Songs We Love: Florence Price, 'Violin Concerto No. 2' (14:16)
February 9, 2018
Tom Huizenga
By her own admission, composer Florence Price had two strikes against her.
"To
begin with I have two handicaps – those of sex and race. I am a woman;
and I have some Negro blood in my veins," is how she began a 1943 letter
to Serge Koussevitzky, the revered conductor of the Boston Symphony
Orchestra. She added later, "I would like to be judged on merit alone."
Koussevitzky
never gave her music a chance, but along the way a few others did. Even
so, her music is little known – and some of it was lost for decades –
but now Price is finally receiving a little belated recognition. There's
a profile in the New Yorker by Alex Ross and a new recording of two recently discovered Violin Concertos on the Albany label.
Price
completed her Violin Concerto No. 2 in 1952, the year before her sudden
death at age 66, just as she was set to explore career possibilities in
Europe. The manuscript was never published and considered lost sometime
after 1975, when Price's daughter died.
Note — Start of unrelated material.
(* Let $f$ be the staircase function with descriptor $(h,o,\delta,\ell,L,V)$, and for $i\in[h]$ let $\Lambda_i$ be the schema partition of $\mathfrak B_\ell$ whose fixed positions are exactly the entries of rows $1,\dots,i$ of $L$ (so $\Lambda_i$ consists of $2^{oi}$ schemata, one of which is stage $i$ of $f$). Then for every $i\in[h]$, $$\sum_{\xi\in\Lambda_i,\ \xi\neq \text{stage } i} S(\xi) = -i\delta.$$
   Context: For a positive integer $n$, $[n]=\{1,\dots,n\}$ and $\mathfrak B_\ell$ is the set of binary strings of length $\ell$; $g_j$ denotes the $j$-th bit of $g$. For a $k$-tuple $x=(x_1,\dots,x_k)$ of integers in $[\ell]$ and $g\in\mathfrak B_\ell$, $\Xi_x(g)$ is the string $g_{x_1}g_{x_2}\cdots g_{x_k}$. For a matrix $M$, $M_{i:}$ is its $i$-th row (as a tuple). A schema is a set of the form $\{g\in\mathfrak B_\ell: g_j=c_j \text{ for all } j\in D\}$ for some $D\subseteq[\ell]$ and bits $c_j$; the schema partition with fixed positions $D$ is the set of all $2^{|D|}$ such schemata. A staircase function descriptor is a tuple $(h,o,\delta,\ell,L,V)$ where $h,o,\ell$ are positive integers with $ho\le \ell$, $\delta>0$ is real, $V$ is an $h\times o$ matrix of bits, and $L$ is an $h\times o$ matrix whose $ho$ entries are pairwise distinct integers in $[\ell]$. The staircase function $f$ with this descriptor is the stochastic function on $\mathfrak B_\ell$ computed as follows on input $g$: draw $x\sim\mathcal N(0,1)$ (independently at each evaluation); for $i=1,\dots,h$ in order: if $\Xi_{L_{i:}}(g)=V_{i1}\cdots V_{io}$ then set $x\leftarrow x+\delta$, otherwise set $x\leftarrow x-\delta/(2^o-1)$ and stop the loop; return $x$. Step $i$ of $f$ is the schema $\{g\in\mathfrak B_\ell:\Xi_{L_{i:}}(g)=V_{i1}\cdots V_{io}\}$; stage $i$ of $f$ is the schema of all $g$ lying in steps $1,\dots,i$ simultaneously. For a schema $\gamma\subseteq\mathfrak B_\ell$, $F_\gamma$ is the random variable giving the value of $f$ at a string drawn uniformly from $\gamma$. The fitness signal of $\gamma$ is $S(\gamma)=\mathbf E[F_\gamma]-\mathbf E[F_{\mathfrak B_\ell}]$. *)

theory Defs
  imports "HOL-Probability.Probability"
begin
The concerto, along with other
music and personal papers, was discovered by accident in 2009 when
renovators opened up an abandoned house Price once owned some 70 miles
south of Chicago.
Unfolding over a relatively brief 14-minute span, the
concerto opens with a sober orchestral introduction, pausing for a beat
to let the solo violin make its honeyed, serpentine entrance. Violinist
Er-Gene Kahng's tone, round and lustrous, is well-suited to the
concerto's breezy melodic theme and dotted rhythm, which propels the
music forward. Along with Price's harmonies – with their tasteful dabs
of dissonance – the music is reminiscent of the sweeping, melody-driven
American violin concertos of the 1930s by Samuel Barber and Erich Korngold.